═══ Input records

(* Let $I$ and $J$ be functions on $\mathcal{R}^\infty$ which are invariant with respect to both characteristic vector fields $X_1$ and $X_2$, such that $X_3(I)=I'$ and $X_3(J)=1$. Then $\omega=d_VI-I'\,d_VJ$ is an $X_1$ and $X_2$ invariant contact form.
   Context: $\mathcal{R}^\infty$ is the infinite prolongation of the involutive system $u_{ij}=f_{ij}(x^1,x^2,x^3,u,u_i,u_j)$, $1\le i<j\le3$ ($f_{ij}$ smooth, $D_kf_{ij}=D_if_{kj}$ for distinct $i,j,k$); the characteristic vector fields are the commuting total derivatives $X_i=D_i$, $\sigma_i=dx^i$. Forms on $\mathcal{R}^\infty$ are bigraded with $d=d_H+d_V$, $d_Hg=\sum_iX_i(g)\sigma_i$ for functions. A function $f$ is $X$-invariant if $X(f)=0$; a $(0,s)$ contact form $\omega$ is $X$-invariant if $X(\omega)=X\lrcorner d_H\omega=0$ ($X(\omega)$ the projected Lie derivative), and $X$ and $Y$ invariant if invariant with respect to both. *)

theory Defs
  imports "HOL-Analysis.Analysis"
begin

text \<open>For the involutive
system u_ij = f_ij (i<j), the infinite prolongation R^infinity has the standard
coordinates x^1,x^2,x^3, u, and the pure derivatives u_{i^k} (k >= 1).
Here  P i k  denotes the coordinate u_{i^(k+1)}, e.g. P i 0 = u_i.\<close>

datatype ix = I1 | I2 | I3

fun ixn :: "ix \<Rightarrow> nat" where
  "ixn I1 = 1" | "ixn I2 = 2" | "ixn I3 = 3"

definition ix_lt :: "ix \<Rightarrow> ix \<Rightarrow> bool" where
  "ix_lt i j \<longleftrightarrow> ixn i < ixn j"

datatype coord = Xc ix | U | P ix nat

type_synonym point = "coord \<Rightarrow> real"
type_synonym func = "point \<Rightarrow> real"

fun vertical :: "coord \<Rightarrow> bool" where
  "vertical (Xc _) = False" | "vertical U = True" | "vertical (P _ _) = True"

definition depends_only :: "func \<Rightarrow> coord set \<Rightarrow> bool" where
  "depends_only F S \<longleftrightarrow> (\<forall>p q. (\<forall>c\<in>S. p c = q c) \<longrightarrow> F p = F q)"
theorem mainTheorem3:
  fixes n w T :: nat and U :: "nat \<Rightarrow> op"
  assumes "n \<ge> 2"
    and "\<And>i. i \<le> T \<Longrightarrow> unitary_op n w (U i)"
    and "t + 1 \<le> T"
  shows "\<bar>s_val n w U (t + 1) - s_val n w U t\<bar> \<le> 2 * pi * fact n"
proof -
  let ?P = "{\<sigma>. \<sigma> permutes {..<n}}"
  define Y where "Y \<sigma> = rank_pair_mass w (psi n w U \<sigma> t) \<sigma>" for \<sigma>
  have total: "(\<Sum>(i, j)\<in>{..<n} \<times> {..<n}. query_mass w (psi n w U \<sigma> t) i j) = 1" for \<sigma>
    using assms by (intro sum_query_mass_psi[where T = T]) auto
  have "\<bar>s_val n w U (t + 1) - s_val n w U t\<bar>
      \<le> (\<Sum>\<sigma>\<in>?P. \<Sum>(k, d, e)\<in>shift_triples n. shift_lambda e d / real d * Y \<sigma> k (k + e))
        + (\<Sum>\<sigma>\<in>?P. \<Sum>(k, d, e)\<in>shift_triples n.
              Y (cyc k d \<circ> \<sigma>) (k + e - 1) (k + d) / (real d * shift_lambda e d))"
    using abs_s_val_step_le[OF assms] by (simp add: Y_def sum.distrib split_def)
  also have "\<dots> \<le> (\<Sum>\<sigma>\<in>?P. pi) + (\<Sum>\<sigma>\<in>?P. pi)"
    unfolding sum_permutations_shift_triples_comp[where
        F = "\<lambda>\<sigma> k d e. Y \<sigma> (k + e - 1) (k + d) / (real d * shift_lambda e d)"]
    using sum_shift_triples_rank_pair_mass_le_pi[OF _ total]
    by (intro add_mono sum_mono) (auto simp: Y_def)
  also have "\<dots> = 2 * pi * fact n" by (simp add: card_permutations)
  finally show ?thesis .
qed

end
(* Let $\psi^{(A)}$ and $\psi^{(B)}$ be neighbor functions and let $\sigma^{(A)},\sigma^{(B)}$ be positive numbers. Then $\psi^{(A)}$ and $\psi^{(B)}$ are continuously differentiable almost everywhere. Set $\sigma^*=1$ and define $\psi^*$ by $$\frac{d\psi^*(x)}{dx}=\min\left(\frac{1}{\sigma^{(A)}}\frac{d\psi^{(A)}(x)}{dx},\ \frac{1}{\sigma^{(B)}}\frac{d\psi^{(B)}(x)}{dx}\right),\qquad \psi^*(x)=\int_0^x\frac{d\psi^*(s)}{ds}\,ds.$$ Then $\psi^*$ is a neighbor function, and for every $x\geq 0$ we have $I_{\psi^{(A)},\sigma^{(A)}}(x)\subseteq I_{\psi^*,\sigma^*}(x)$ and $I_{\psi^{(B)},\sigma^{(B)}}(x)\subseteq I_{\psi^*,\sigma^*}(x)$.
   Context: A neighbor function is a function $\psi:\mathbb{R}_{\geq 0}\to\mathbb{R}$ that is (i) strictly increasing, (ii) continuous, (iii) concave, and (iv) such that $g(x)=\psi(e^{x})$ is convex as a function of $x\in\mathbb{R}$. For a neighbor function $\psi$, a number $\sigma\geq 0$ and $y\geq 0$, the uncertainty interval around $y$ is $I_{\psi,\sigma}(y)=\big[\psi^{-1}(\max(\psi(0),\psi(y)-\sigma)),\ \psi^{-1}(\psi(y)+\sigma)\big]$. *)

theory Defs
  imports "HOL-Analysis.Analysis"
begin

definition neighbor_fn :: "(real \<Rightarrow> real) \<Rightarrow> bool" where
  "neighbor_fn \<psi> \<longleftrightarrow>
     strict_mono_on {0..} \<psi> \<and>
     continuous_on {0..} \<psi> \<and>
     concave_on {0..} \<psi> \<and>
     convex_on UNIV (\<lambda>x. \<psi> (exp x))"

definition unc_interval :: "(real \<Rightarrow> real) \<Rightarrow> real \<Rightarrow> real \<Rightarrow> real set" where
  "unc_interval \<psi> \<sigma> y =
     {the_inv_into {0..} \<psi> (max (\<psi> 0) (\<psi> y - \<sigma>)) .. the_inv_into {0..} \<psi> (\<psi> y + \<sigma>)}"

definition c1_ae_on :: "real set \<Rightarrow> (real \<Rightarrow> real) \<Rightarrow> bool" where
  "c1_ae_on S f \<longleftrightarrow>
     (\<exists>N. N \<in> null_sets lborel \<and>
          (\<forall>x\<in>S - N. f differentiable (at x)) \<and>
          continuous_on (S - N) (deriv f))"

end

theory Submission
  imports Defs
begin
lemma density_continuous_on:
  assumes "0 < a"
  shows "continuous_on {a..b} h"
proof -
  have "continuous_on {a..b} (\<lambda>x. \<gamma> / x * (LINT u:{0<..<x}|lborel. h u / (x - \<alpha> * u) powr \<gamma>))"
    using assms by (intro continuous_intros kernel_integral_continuous_on) auto
  then show ?thesis
    by (rule continuous_on_eq) (use assms eqn in auto)
qed

lemma cdf_add_interval_integral:
  assumes "0 \<le> a" "a \<le> y"
  shows "cdf y = cdf a + (LBINT u=a..y. h u)"
proof -
  have "interval_lebesgue_integrable lborel (min 0 (min (ereal a) (ereal y)))
          (max 0 (max (ereal a) (ereal y))) h"
    using assms unfolding interval_lebesgue_integrable_def
    by (auto simp: zero_ereal_def min_def max_def intro!: density_set_integrable)
  from interval_integral_sum[OF this] assms show ?thesis
    by (simp add: cdf_def interval_lebesgue_integral_def zero_ereal_def)
qed

lemma cdf_has_real_derivative:
  assumes "0 < x"
  shows "(cdf has_real_derivative h x) (at x)"
proof -
  define a where "a = x / 2"
  have a: "0 < a" "a < x" "x < 2 * x"
    using assms by (auto simp: a_def)
  have "((\<lambda>y. LBINT u=a..y. h u) has_vector_derivative h x) (at x within {a..2 * x})"
    using a by (intro interval_integral_FTC2 density_continuous_on) auto
  then have "((\<lambda>y. cdf a + (LBINT u=a..y. h u)) has_real_derivative h x) (at x)"
    using a by (auto intro!: derivative_eq_intros
        simp: at_within_Icc_at has_real_derivative_iff_has_vector_derivative)
  then show ?thesis
    by (rule has_field_derivative_transform_within_open[of _ _ _ "{a<..}"])
       (use a in \<open>auto intro!: cdf_add_interval_integral[symmetric]\<close>)
qed

lemma cdf_tendsto_1: "(cdf \<longlongrightarrow> 1) at_top"
proof -
  have "((\<lambda>t. \<integral>u. indicator {0<..<t} u * h u \<partial>lborel)
          \<longlongrightarrow> (\<integral>u. indicator {0<..} u * h u \<partial>lborel)) at_top"
  proof (rule integral_dominated_convergence_at_top[where w = "\<lambda>u. indicator {0<..} u * h u"])
    show "(\<lambda>u. indicator {0<..<t} u * h u) \<in> borel_measurable lborel" for t
    proof -
      have "set_integrable lborel {0<..<t} h"
        by (rule density_set_integrable) auto
      then show ?thesis
        unfolding set_integrable_def by (simp add: borel_measurable_integrable)
    qed
    show "integrable lborel (\<lambda>u. indicator {0<..} u * h u)"
      using integrable unfolding set_integrable_def by simp
    show "AE u in lborel. ((\<lambda>t. indicator {0<..<t} u * h u) \<longlongrightarrow> indicator {0<..} u * h u) at_top"
    proof (rule AE_I2, rule tendsto_eventually)
      fix u :: real
      show "\<forall>\<^sub>F t in at_top. indicator {0<..<t} u * h u = indicator {0<..} u * h u"
        using eventually_gt_at_top[of u] by eventually_elim (simp add: indicator_def)
    qed
    show "\<forall>\<^sub>F t in at_top. AE u in lborel.
            norm (indicator {0<..<t} u * h u) \<le> indicator {0<..} u * h u"
      using nonneg by (auto simp: indicator_def)
  qed simp
  then show ?thesis
    using normalised unfolding cdf_def set_lebesgue_integral_def by simp
qed
(* Let $2\le n\le N$ and $\delta\in(0,1]$. With probability at least $1-\delta$, \[ \max_{1\le k\le n}\sigma^2_{>,k}\le \sigma^2+\frac{\sigma(b-a)(n-1)}{N-n+1}\sqrt{\frac{2\log(1/\delta)}{n-1}}. \] Similarly, if $1\le n\le N-2$, then with probability at least $1-\delta$, \[ \max_{n\le k\le N-1}\sigma^2_{<,k+1}\le \sigma^2+\frac{\sigma(b-a)(N-n-1)}{n+1}\sqrt{\frac{2\log(1/\delta)}{N-n-1}}. \]
   Context: Let $N\ge 2$ and let $\mathcal X=(x_1,\dots,x_N)$ be a finite population of real numbers (repetitions allowed). Let $(X_1,\dots,X_N)=(x_{\pi(1)},\dots,x_{\pi(N)})$, where $\pi$ is a uniformly random permutation of $\{1,\dots,N\}$. For $n\le N$, $(X_1,\dots,X_n)$ is therefore a sample of size $n$ drawn uniformly without replacement from $\mathcal X$. Let $\mu=\frac1N\sum_{i=1}^N x_i$, $\sigma^2=\frac1N\sum_{i=1}^N(x_i-\mu)^2$, $\sigma=\sqrt{\sigma^2}$, $a=\min_i x_i$ and $b=\max_i x_i$. Define the conditional variances \[ \sigma^2_{>,k}=\operatorname{Var}\big(X_k\mid X_1,\dots,X_{k-1}\big)\quad(1\le k\le N),\qquad \sigma^2_{<,j}=\operatorname{Var}\big(X_j\mid X_{j+1},\dots,X_N\big)\quad(1\le j\le N), \] with conditioning on the trivial $\sigma$-algebra when the list of conditioning variables is empty. *)

theory Defs
  imports "HOL-Probability.Probability"
begin

text \<open>Population x 1, ..., x N (indices 1..N). The sample space is the set of
permutations of {1..N}, equipped with the uniform distribution; the k-th draw is
X k pi = x (pi k).\<close>

definition perms :: "nat \<Rightarrow> (nat \<Rightarrow> nat) set" where
  "perms N = {p. p permutes {1..N}}"

definition perm_pmf :: "nat \<Rightarrow> (nat \<Rightarrow> nat) pmf" where
  "perm_pmf N = pmf_of_set (perms N)"

definition draw :: "(nat \<Rightarrow> real) \<Rightarrow> nat \<Rightarrow> (nat \<Rightarrow> nat) \<Rightarrow> real" where
  "draw x k p = x (p k)"

definition pop_mean :: "nat \<Rightarrow> (nat \<Rightarrow> real) \<Rightarrow> real" where
  "pop_mean N x = (\<Sum>i=1..N. x i) / real N"

definition pop_var :: "nat \<Rightarrow> (nat \<Rightarrow> real) \<Rightarrow> real" where
  "pop_var N x = (\<Sum>i=1..N. (x i - pop_mean N x)^2) / real N"

definition pop_min :: "nat \<Rightarrow> (nat \<Rightarrow> real) \<Rightarrow> real" where
  "pop_min N x = Min (x ` {1..N})"

definition pop_max :: "nat \<Rightarrow> (nat \<Rightarrow> real) \<Rightarrow> real" where
  "pop_max N x = Max (x ` {1..N})"

text \<open>The atom of the (finite) sigma-algebra generated by the draws X_i, i in J,
containing the outcome p.\<close>
definition atom :: "nat \<Rightarrow> (nat \<Rightarrow> real) \<Rightarrow> nat set \<Rightarrow> (nat \<Rightarrow> nat) \<Rightarrow> (nat \<Rightarrow> nat) set" where
  "atom N x J p = {q \<in> perms N. \<forall>i\<in>J. draw x i q = draw x i p}"

definition cond_exp :: "nat \<Rightarrow> (nat \<Rightarrow> real) \<Rightarrow> nat set \<Rightarrow> ((nat \<Rightarrow> nat) \<Rightarrow> real) \<Rightarrow> (nat \<Rightarrow> nat) \<Rightarrow> real" where
  "cond_exp N x J f p = (\<Sum>q\<in>atom N x J p. f q) / real (card (atom N x J p))"

definition cond_var :: "nat \<Rightarrow> (nat \<Rightarrow> real) \<Rightarrow> nat set \<Rightarrow> ((nat \<Rightarrow> nat) \<Rightarrow> real) \<Rightarrow> (nat \<Rightarrow> nat) \<Rightarrow> real" where
  "cond_var N x J f p = cond_exp N x J (\<lambda>q. (f q - cond_exp N x J f q)^2) p"
(* Let $\mathcal{F}$ be an argumentation framework and $S\subseteq A_{\mathcal{F}}$. Then $S\in\mathit{tfcf2}(\mathcal{F})$ if and only if $S$ is conflict-free and $S$ is a naive extension of $[[\mathcal{F}\setminus\Delta_{\mathcal{F},S}]]$.
   Context: An argumentation framework (AF) is $\mathcal{F}=(A_{\mathcal{F}},R_{\mathcal{F}})$ with $R_{\mathcal{F}}\subseteq A_{\mathcal{F}}\times A_{\mathcal{F}}$; $a\rightarrow b$ means $(a,b)\in R_{\mathcal{F}}$. $\mathcal{F}|_B=(A_{\mathcal{F}}\cap B,R_{\mathcal{F}}\cap(B\times B))$. Conflict-free: no $a,b\in S$ with $a\rightarrow b$; naive extension: $\subseteq$-maximal conflict-free set. $\mathrm{SCC}(a)$: set of $b$ with directed attack paths (possibly length 0) from $a$ to $b$ and back. $D_S(X)=\{b\in X:\exists a\in S\setminus X,\ a\rightarrow b\}$. $\mathit{tfcf2}$: $C^0_S(a)=\mathrm{SCC}(a)$; $C^{\alpha+1}_S(a)$ = the strongly connected component of $a$ in $\mathcal{F}|_{C^\alpha_S(a)\setminus D_S(C^\alpha_S(a))}$ (empty if $a$ is not in that set); for limit $\lambda$, $C^\lambda_S(a)$ = the component of $a$ in $\mathcal{F}|_{\bigcap_{\alpha<\lambda}C^\alpha_S(a)}$; $\alpha_S(a)$ = least $\alpha$ with $a\notin C^\alpha_S(a)$ or $C^{\alpha+1}_S(a)=C^\alpha_S(a)$. $S\in\mathit{tfcf2}(\mathcal{F})$ iff $S$ is conflict-free and for each $a\in A_{\mathcal{F}}$, either $a\notin C^{\alpha_S(a)}_S(a)$ or $S\cap C^{\alpha_S(a)}_S(a)$ is a naive extension of $\mathcal{F}|_{C^{\alpha_S(a)}_S(a)}$. $b$ is reachable from $a$ modulo $B$, written $a\Rightarrow^B_{\mathcal{F}}b$, if there is a directed attack path from $a$ to $b$ in $\mathcal{F}|_B$. For $D\subseteq A_{\mathcal{F}}$, $\Delta_{\mathcal{F},S}(D)=\{a\in A_{\mathcal{F}}:\exists b\in S\,(b\rightarrow a\text{ and not }a\Rightarrow^{A_{\mathcal{F}}\setminus D}_{\mathcal{F}}b)\}$. This operator on subsets of $A_{\mathcal{F}}$ is monotone; $\Delta_{\mathcal{F},S}$ (as a set) denotes its least fixed point. $\mathcal{F}\setminus\Delta$ denotes $\mathcal{F}|_{A_{\mathcal{F}}\setminus\Delta}$. For an AF $\mathcal{G}$, the separation $[[\mathcal{G}]]$ is obtained from $\mathcal{G}$ by deleting all attacks between arguments lying in different strongly connected components of $\mathcal{G}$. *)

theory Defs
  imports Main
begin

══════

Only lines containing "atom" belong in the answer; copy every such line from the records.

» Output for this task:
text \<open>The atom of the (finite) sigma-algebra generated by the draws X_i, i in J,
definition atom :: "nat \<Rightarrow> (nat \<Rightarrow> real) \<Rightarrow> nat set \<Rightarrow> (nat \<Rightarrow> nat) \<Rightarrow> (nat \<Rightarrow> nat) set" where
  "atom N x J p = {q \<in> perms N. \<forall>i\<in>J. draw x i q = draw x i p}"
  "cond_exp N x J f p = (\<Sum>q\<in>atom N x J p. f q) / real (card (atom N x J p))"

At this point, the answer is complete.